Work request: Show every line of the data below that includes the word "kappa".

Data in this exercise:
Start of Block

text \<open>A cut whose side at v has the fewest vertices is Small(v): uncrossing it with any
  competitor yields a cut whose side lies in both sides, so by minimality it is the first.\<close>

lemma small_exists_if_small_side:
  assumes "simple_graph V E" "2 * t + kappa V E \<le> card V + 1" "t + kappa V E < card V"
    and "kcut V E U" "v \<in> V - U" "card (side V E U v) \<le> t"
  shows "small_exists V E t v"
proof -
  define P where "P U \<longleftrightarrow> kcut V E U \<and> v \<notin> U \<and> card (side V E U v) \<le> t" for U
  have "P U" using assms(4-6) unfolding P_def by blast
  then obtain U\<^sub>0 where U\<^sub>0: "P U\<^sub>0"
    and min: "\<And>U. P U \<Longrightarrow> card (side V E U\<^sub>0 v) \<le> card (side V E U v)"
    using ex_has_least_nat[of P U "\<lambda>U. card (side V E U v)"] by blast
  have v: "v \<in> V" using assms(5) by blast
  have fin: "finite (side V E U\<^sub>0 v)"
    using side_subset[of V E U\<^sub>0 v] assms(1) finite_subset unfolding simple_graph_def by blast
  have "is_small V E t v U\<^sub>0" unfolding is_small_def
  proof (intro conjI allI impI)
    show U\<^sub>0': "kcut V E U\<^sub>0" "v \<notin> U\<^sub>0" "card (side V E U\<^sub>0 v) \<le> t"
      using U\<^sub>0 unfolding P_def by blast+
    fix U assume U: "kcut V E U \<and> v \<notin> U \<and> card (side V E U v) \<le> t"
    obtain X where X: "kcut V E X" "v \<notin> X" "side V E X v \<subseteq> side V E U\<^sub>0 v \<inter> side V E U v"
      using kcut_inside_two_small_sides[OF assms(1) U\<^sub>0'(1) conjunct1[OF U] _ _ U\<^sub>0'(3) _ assms(2,3)]
        U\<^sub>0'(2) U v by blast
    have "card (side V E X v) \<le> card (side V E U\<^sub>0 v)" using card_mono[OF fin] X(3) by blast
    then have "P X" using X(1,2) U\<^sub>0'(3) unfolding P_def by linarith
    then have "card (side V E U\<^sub>0 v) \<le> card (side V E X v)" by (rule min)
    then have "side V E X v = side V E U\<^sub>0 v" using card_seteq[OF fin] X(3) by blast
    then show "side V E U\<^sub>0 v \<subseteq> side V E U v" using X(3) by blast
  qed
  then show ?thesis unfolding small_exists_def by blast
qed

theorem lemma6:
  fixes V :: "'a set" and E :: "'a \<Rightarrow> 'a \<Rightarrow> bool" and u v :: 'a
  assumes "simple_graph V E"
    and "connected_graph V E"
    and "\<not> complete_graph V E"
    and "4 * kappa V E < card V"
    and "u \<in> V"
    and "small_exists V E (tval V E) u"
    and "v \<in> side V E (small V E (tval V E) u) u"
  shows "small_exists V E (tval V E) v
    \<and> side V E (small V E (tval V E) v) v \<subseteq> side V E (small V E (tval V E) u) u
    \<and> (small V E (tval V E) v = small V E (tval V E) u
       \<or> small V E (tval V E) v \<subseteq> small V E (tval V E) u \<union> side V E (small V E (tval V E) u) u)"
proof -
  define t where "t = tval V E"
  define Y where "Y = small V E t u"
  define S where "S = side V E Y u"
  have fin: "finite V" using assms(1) unfolding simple_graph_def by blast
  obtain Y\<^sub>0 where "kcut V E Y\<^sub>0" using assms(6) unfolding small_exists_def is_small_def by blast
  then have "0 < kappa V E" using card_cut_pos[OF fin assms(2)] unfolding kcut_def by metis
  then have bounds: "t + kappa V E < card V" "2 * t + kappa V E \<le> card V + 1"
    using assms(4) unfolding t_def tval_def by linarith+
  have Y: "is_small V E t u Y"
    unfolding Y_def t_def by (rule is_small_small[OF fin bounds(1)[unfolded t_def] assms(5,6)])
  have "v \<in> S" using assms(7) unfolding S_def Y_def t_def .
  moreover have "S \<subseteq> V - Y" unfolding S_def by (rule side_subset)
  ultimately have v: "v \<in> V - Y" by blast
  have side_v: "side V E Y v \<subseteq> S"
    unfolding S_def by (rule side_subset_separated[OF \<open>v \<in> S\<close>[unfolded S_def] separated_side])
  have "finite S" using \<open>S \<subseteq> V - Y\<close> fin by (meson Diff_subset finite_subset subset_trans)
  then have "card (side V E Y v) \<le> card S" using side_v by (rule card_mono)
  also have "card S \<le> t" using Y unfolding S_def is_small_def by blast
  finally have card_v: "card (side V E Y v) \<le> t" .
  have "kcut V E Y" using Y unfolding is_small_def by blast
  then have ex: "small_exists V E t v"
    using small_exists_if_small_side[OF assms(1) bounds(2,1) _ v card_v] by blast
  define Z where "Z = small V E t v"
  have "v \<in> V" using v by blast
  then have Z: "is_small V E t v Z" unfolding Z_def by (rule is_small_small[OF fin bounds(1) _ ex])
  then have side_Z: "side V E Z v \<subseteq> S"
    using \<open>kcut V E Y\<close> v card_v side_v unfolding is_small_def by blast
  have "Z = nbhd V E (side V E Z v)" by (rule is_small_eq_nbhd_side[OF fin bounds(1) \<open>v \<in> V\<close> Z])
  also have "\<dots> \<subseteq> Y \<union> S"
    using side_Z unfolding S_def by (rule nbhd_subset_separated[OF separated_side])
  finally have "Z \<subseteq> Y \<union> S" .
  then show ?thesis using ex side_Z unfolding Z_def Y_def S_def t_def by blast
qed

end
(* Let $\rho\geqslant\sqrt7$, and set $c=\frac14(\rho+\rho^{-1})^2$, $d=\frac12(\rho^2-4-\rho^{-2})$. For an integer $n$ define $$A_n=\rho^{2n}-nc-2n-n^2d-(n|n|-|n|)d,\quad B_n=\rho^{-2n}-nc+2n+n^2d-(n|n|-|n|)d,\quad C_n=1-nc-(n|n|-|n|)d,$$ and the Hermitian form $Q_n(\xi,\zeta)=A_n|\xi|^2+B_n|\zeta|^2+2C_n\operatorname{Re}(\xi\bar\zeta)$ on $\mathbb C^2$. Then for every integer $n\neq0,1$ and all $\xi,\zeta\in\mathbb C$, $Q_n(\xi,\zeta)>0$ unless $\xi=\zeta=0$. *)

theory Defs
  imports Complex_Main
begin

definition cc :: "real \<Rightarrow> real" where
  "cc \<rho> = (1/4) * (\<rho> + inverse \<rho>)^2"

definition dd :: "real \<Rightarrow> real" where
  "dd \<rho> = (1/2) * (\<rho>^2 - 4 - inverse \<rho> ^ 2)"

definition An :: "real \<Rightarrow> int \<Rightarrow> real" where
  "An \<rho> n = \<rho> powi (2*n) - of_int n * cc \<rho> - 2 * of_int n - (of_int n)^2 * dd \<rho>
     - of_int (n * \<bar>n\<bar> - \<bar>n\<bar>) * dd \<rho>"

definition Bn :: "real \<Rightarrow> int \<Rightarrow> real" where
  "Bn \<rho> n = \<rho> powi (-2*n) - of_int n * cc \<rho> + 2 * of_int n + (of_int n)^2 * dd \<rho>
     - of_int (n * \<bar>n\<bar> - \<bar>n\<bar>) * dd \<rho>"

definition Cn :: "real \<Rightarrow> int \<Rightarrow> real" where
  "Cn \<rho> n = 1 - of_int n * cc \<rho> - of_int (n * \<bar>n\<bar> - \<bar>n\<bar>) * dd \<rho>"

definition Qn :: "real \<Rightarrow> int \<Rightarrow> complex \<Rightarrow> complex \<Rightarrow> real" where
  "Qn \<rho> n \<xi> \<zeta> = An \<rho> n * (cmod \<xi>)^2 + Bn \<rho> n * (cmod \<zeta>)^2
     + 2 * Cn \<rho> n * Re (\<xi> * cnj \<zeta>)"

end

theory Submission
  imports Defs
begin

(* Q_n(xi, zeta) = A|xi|^2 + B|zeta|^2 + 2C Re(xi conj zeta) is positive definite as soon as
   A > 0 and C^2 < AB, so everything reduces to these two inequalities for the coefficients.
   Writing r = rho^2 >= 7 and s = rho^-2 in (0, 1/7], the constants become
   c = (r + 2 + s)/4 and d = (r - 4 - s)/2, and for n = k >= 2 resp. n = -k <= -1 the
   coefficients are explicit polynomials in r, s, k.
   - For the small indices (n = 2, 3, -1, -2) we bound A, B from below and |C| from above by
     polynomials in r alone; the resulting polynomial inequality is checked by substituting
     r = 7 + t, which turns it into a polynomial in t with positive coefficients.
   - For the large indices (n >= 4, n <= -3) the power r^k dominates: 7^(k-1)/k^3 is
     increasing, so r^k is at least a constant times k^3 r, which beats the quadratic growth
     of the remaining terms in k.
   The main theorem combines the two index ranges with the rewriting of A_n, B_n, C_n. *)

definition pos_definite :: "real \<Rightarrow> real \<Rightarrow> real \<Rightarrow> bool" where
  "pos_definite A B C \<longleftrightarrow> 0 < A \<and> C\<^sup>2 < A * B"

(* Positive definiteness criterion: completing the square, A (A a^2 + B b^2 - 2|C| a b)
   = (A a - |C| b)^2 + (AB - C^2) b^2, and |Re(x conj z)| <= |x| |z|. *)
lemma pos_definite_form_pos:
  fixes A B C :: real and x z :: complex
  assumes "pos_definite A B C" and "\<not> (x = 0 \<and> z = 0)"
  shows "A * (cmod x)\<^sup>2 + B * (cmod z)\<^sup>2 + 2 * C * Re (x * cnj z) > 0"
proof -
  define a b where "a = cmod x" and "b = cmod z"
  have A: "A > 0" and disc: "C\<^sup>2 < A * B" using assms(1) by (auto simp: pos_definite_def)
  have "\<bar>Re (x * cnj z)\<bar> \<le> a * b"
    unfolding a_def b_def by (metis abs_Re_le_cmod complex_mod_cnj norm_mult)
  then have "\<bar>C * Re (x * cnj z)\<bar> \<le> \<bar>C\<bar> * (a * b)"
    by (simp add: abs_mult mult_left_mono)
  then have cross: "C * Re (x * cnj z) \<ge> - (\<bar>C\<bar> * (a * b))" by linarith
  have ab_pos: "a > 0 \<or> b > 0" using assms(2) by (auto simp: a_def b_def)
  have "A * (A * a\<^sup>2 + B * b\<^sup>2 - 2 * \<bar>C\<bar> * a * b) = (A * a - \<bar>C\<bar> * b)\<^sup>2 + (A * B - C\<^sup>2) * b\<^sup>2"
    by (simp add: algebra_simps power2_eq_square)
  also have "\<dots> > 0"
  proof (cases "b = 0")
    case True
    with ab_pos A show ?thesis by simp
  next
    case False
    with disc have "(A * B - C\<^sup>2) * b\<^sup>2 > 0" by simp
    then show ?thesis using zero_le_power2[of "A * a - \<bar>C\<bar> * b"] by linarith
  qed
  finally have "A * a\<^sup>2 + B * b\<^sup>2 - 2 * \<bar>C\<bar> * a * b > 0"
    using A by (simp add: zero_less_mult_iff)
  with cross show ?thesis unfolding a_def b_def by linarith
qed

lemma pos_definite_by_bounds:
  fixes A B C a b \<gamma> :: real
  assumes "a \<le> A" "b \<le> B" "0 < a" "0 < b" "\<bar>C\<bar> \<le> \<gamma>" "\<gamma>\<^sup>2 < a * b"
  shows "pos_definite A B C"
proof -
  have "C\<^sup>2 \<le> \<gamma>\<^sup>2" using assms(5) by (metis abs_ge_zero power2_abs power_mono)
  moreover have "a * b \<le> A * B" using assms(1-4) by (intro mult_mono) auto
  ultimately show ?thesis using assms unfolding pos_definite_def by linarith
qed

(* The ratio 7^(k-1) / k^3 is nondecreasing for k >= 2, since (1 + 1/m)^3 <= 7 for m >= 2. *)
lemma pow7_over_cube_mono:
  fixes k m :: nat
  assumes "2 \<le> k" "k \<le> m"
  shows "7 ^ (k - 1) * m ^ 3 \<le> 7 ^ (m - 1) * k ^ 3"
  using assms(2)
proof (induction m rule: dec_induct)
  case base
  show ?case by simp
next
  case (step m)
  have "m \<ge> 2" using assms step by linarith
  then have "(2 * (m + 1)) ^ 3 \<le> (3 * m) ^ 3" by (intro power_mono) auto
  then have "8 * (m + 1) ^ 3 \<le> 27 * m ^ 3" by (simp only: power_mult_distrib) simp
  then have "(m + 1) ^ 3 \<le> 7 * m ^ 3" by linarith
  then have "7 ^ (k - 1) * (Suc m) ^ 3 \<le> 7 * (7 ^ (k - 1) * m ^ 3)" by simp
  also have "\<dots> \<le> 7 * (7 ^ (m - 1) * k ^ 3)" using step.IH by simp
  also have "\<dots> = 7 ^ (Suc m - 1) * k ^ 3" using \<open>m \<ge> 2\<close> by (simp add: power_eq_if)
  finally show ?case .
qed

lemma pow_ge_cube:
  fixes r :: real and j m :: nat
  assumes "7 \<le> r" "2 \<le> j" "j \<le> m"
  shows "7 ^ (j - 1) * real m ^ 3 * r \<le> real j ^ 3 * r ^ m"
proof -
  have "real (7 ^ (j - 1) * m ^ 3) \<le> real (7 ^ (m - 1) * j ^ 3)"
    using pow7_over_cube_mono[OF assms(2,3)] by (simp only: of_nat_le_iff)
  also have "\<dots> \<le> r ^ (m - 1) * real j ^ 3"
    using power_mono[OF assms(1), of "m - 1"] by (simp add: mult_right_mono)
  finally have "7 ^ (j - 1) * real m ^ 3 * r \<le> r ^ (m - 1) * real j ^ 3 * r"
    using assms(1) by (intro mult_right_mono) auto
  also have "\<dots> = real j ^ 3 * r ^ m"
    using assms by (simp add: power_eq_if)
  finally show ?thesis .
qed

(* Polynomial inequalities for the four small indices, valid for r >= 7: after the
   substitution r = 7 + t the differences have only nonnegative coefficients in t. *)
lemma poly_plus_2:
  fixes r :: real assumes "7 \<le> r"
  shows "(3/2*r - 4)\<^sup>2 < (r\<^sup>2 - 7/2*r + 7) * ((r - 17/7)/2)"
proof -
  define t where "t = r - 7"
  have t: "0 \<le> t" and r: "r = 7 + t" using assms by (auto simp: t_def)
  have "(r\<^sup>2 - 7/2*r + 7) * ((r - 17/7)/2) - (3/2*r - 4)\<^sup>2
      = 119/4 + 81/4*t + 37/7*t\<^sup>2 + 1/2*t^3"
    unfolding r by (simp add: field_simps power2_eq_square power3_eq_cube)
  moreover have "0 \<le> t\<^sup>2" "0 \<le> t^3" using t by simp_all
  ultimately show ?thesis using t by linarith
qed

End of Block

Response to the exercise:
  assumes "simple_graph V E" "2 * t + kappa V E \<le> card V + 1" "t + kappa V E < card V"
    and "4 * kappa V E < card V"
  then have "0 < kappa V E" using card_cut_pos[OF fin assms(2)] unfolding kcut_def by metis
  then have bounds: "t + kappa V E < card V" "2 * t + kappa V E \<le> card V + 1"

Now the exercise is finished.